MATERIAL FOR THIS EXERCISE Block Start

lemma centrally_spans_mod_power:
  assumes z: "z \<in> center" and S: "centrally_spans_mod S (range ((*) z))"
  shows "centrally_spans_mod S (range ((*) (z ^ n)))"
  unfolding centrally_spans_mod_def
proof
  fix x :: 'a
  show "\<exists>c. (\<forall>s. c s \<in> center) \<and> x - (\<Sum>s\<in>S. c s * s) \<in> range ((*) (z ^ n))"
  proof (induction n)
    case 0
    show ?case by (intro exI[of _ "\<lambda>_. 0"]) (auto simp: center_0)
  next
    case (Suc n)
    then obtain c b where c: "\<forall>s. c s \<in> center" and b: "x - (\<Sum>s\<in>S. c s * s) = z ^ n * b"
      by auto
    obtain d where d: "\<forall>s. d s \<in> center" and "b - (\<Sum>s\<in>S. d s * s) \<in> range ((*) z)"
      using S unfolding centrally_spans_mod_def by blast
    then obtain b' where b': "b - (\<Sum>s\<in>S. d s * s) = z * b'" by blast
    have "x - (\<Sum>s\<in>S. (c s + z ^ n * d s) * s) = z ^ n * (b - (\<Sum>s\<in>S. d s * s))"
      using b by (simp add: algebra_simps sum.distrib sum_distrib_left)
    also have "\<dots> = z ^ Suc n * b'" by (simp only: b' power_Suc2 mult.assoc)
    finally show ?case
      using c d center_power[OF z]
      by (intro exI[of _ "\<lambda>s. c s + z ^ n * d s"]) (blast intro: center_add center_mult)
  qed
qed

locale algebra_over_field =
  fixes smul :: "'k::field \<Rightarrow> 'a::ring_1 \<Rightarrow> 'a"
  assumes k_algebra: "k_algebra smul"
begin

sublocale vector_space smul
  using k_algebra by (simp add: k_algebra_def)
lemma has_integral_sin_cos_power_Beta:
  assumes n: "n \<ge> 1"
  shows "((\<lambda>x. (sin x * cos x) ^ (2 * n - 1)) has_integral Beta (real n) (real n) / 2) {0..pi/2}"
proof -
  define f where "f = (\<lambda>t::real. t ^ (n - 1) * (1 - t) ^ (n - 1))"
  have "(f has_integral Beta (real n) (real n)) {0..1}"
    unfolding f_def by (rule has_integral_power_Beta[OF n])
  then have integral_f: "integral {(sin 0)\<^sup>2..(sin (pi/2))\<^sup>2} f = Beta (real n) (real n)"
    by (simp add: integral_unique)
  have substitution: "((\<lambda>x. (2 * sin x * cos x) *\<^sub>R f ((sin x)\<^sup>2)) has_integral
      integral {(sin 0)\<^sup>2..(sin (pi/2))\<^sup>2} f) {0..pi/2}"
  proof (rule has_integral_substitution[where c = 0 and d = 1])
    show "(\<lambda>x. (sin x)\<^sup>2) ` {0..pi/2} \<subseteq> {0..1}" by (auto simp: abs_square_le_1)
    show "continuous_on {0..1} f" unfolding f_def by (intro continuous_intros)
    show "((\<lambda>x. (sin x)\<^sup>2) has_real_derivative 2 * sin x * cos x) (at x within {0..pi/2})" for x
      by (auto intro!: derivative_eq_intros)
  qed simp_all
  have integrand: "(2 * sin x * cos x) *\<^sub>R f ((sin x)\<^sup>2) = 2 * (sin x * cos x) ^ (2 * n - 1)" for x
  proof -
    obtain k where k: "n = Suc k" using n by (cases n) auto
    have "2 * n - 1 = Suc (2 * k)" using k by simp
    then have "(sin x * cos x) ^ (2 * n - 1) = sin x * cos x * ((sin x * cos x)\<^sup>2) ^ k"
      by (simp only: power_Suc power_mult)
    also have "\<dots> = sin x * cos x * ((sin x)\<^sup>2) ^ k * (1 - (sin x)\<^sup>2) ^ k"
      by (simp only: power_mult_distrib cos_squared_eq mult.assoc)
    finally have eq: "(sin x * cos x) ^ (2 * n - 1) = sin x * cos x * ((sin x)\<^sup>2) ^ k * (1 - (sin x)\<^sup>2) ^ k" .
    show ?thesis unfolding eq unfolding f_def k by (simp add: mult_ac)
  qed
  have "((\<lambda>x. 2 * (sin x * cos x) ^ (2 * n - 1)) has_integral Beta (real n) (real n)) {0..pi/2}"
    using substitution unfolding integral_f integrand .
  from has_integral_mult_right[OF this, of "1/2"] show ?thesis by simp
qed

MATERIAL FOR THIS EXERCISE Block End

AIM OF THE EXERCISE: Starting with the first line of the records, repeat every line up to and including the one containing "unfolding f_def by (rule", and nothing else.

ANSWER BOX:
lemma centrally_spans_mod_power:
  assumes z: "z \<in> center" and S: "centrally_spans_mod S (range ((*) z))"
  shows "centrally_spans_mod S (range ((*) (z ^ n)))"
  unfolding centrally_spans_mod_def
proof
  fix x :: 'a
  show "\<exists>c. (\<forall>s. c s \<in> center) \<and> x - (\<Sum>s\<in>S. c s * s) \<in> range ((*) (z ^ n))"
  proof (induction n)
    case 0
    show ?case by (intro exI[of _ "\<lambda>_. 0"]) (auto simp: center_0)
  next
    case (Suc n)
    then obtain c b where c: "\<forall>s. c s \<in> center" and b: "x - (\<Sum>s\<in>S. c s * s) = z ^ n * b"
      by auto
    obtain d where d: "\<forall>s. d s \<in> center" and "b - (\<Sum>s\<in>S. d s * s) \<in> range ((*) z)"
      using S unfolding centrally_spans_mod_def by blast
    then obtain b' where b': "b - (\<Sum>s\<in>S. d s * s) = z * b'" by blast
    have "x - (\<Sum>s\<in>S. (c s + z ^ n * d s) * s) = z ^ n * (b - (\<Sum>s\<in>S. d s * s))"
      using b by (simp add: algebra_simps sum.distrib sum_distrib_left)
    also have "\<dots> = z ^ Suc n * b'" by (simp only: b' power_Suc2 mult.assoc)
    finally show ?case
      using c d center_power[OF z]
      by (intro exI[of _ "\<lambda>s. c s + z ^ n * d s"]) (blast intro: center_add center_mult)
  qed
qed

locale algebra_over_field =
  fixes smul :: "'k::field \<Rightarrow> 'a::ring_1 \<Rightarrow> 'a"
  assumes k_algebra: "k_algebra smul"
begin

sublocale vector_space smul
  using k_algebra by (simp add: k_algebra_def)
lemma has_integral_sin_cos_power_Beta:
  assumes n: "n \<ge> 1"
  shows "((\<lambda>x. (sin x * cos x) ^ (2 * n - 1)) has_integral Beta (real n) (real n) / 2) {0..pi/2}"
proof -
  define f where "f = (\<lambda>t::real. t ^ (n - 1) * (1 - t) ^ (n - 1))"
  have "(f has_integral Beta (real n) (real n)) {0..1}"
    unfolding f_def by (rule has_integral_power_Beta[OF n])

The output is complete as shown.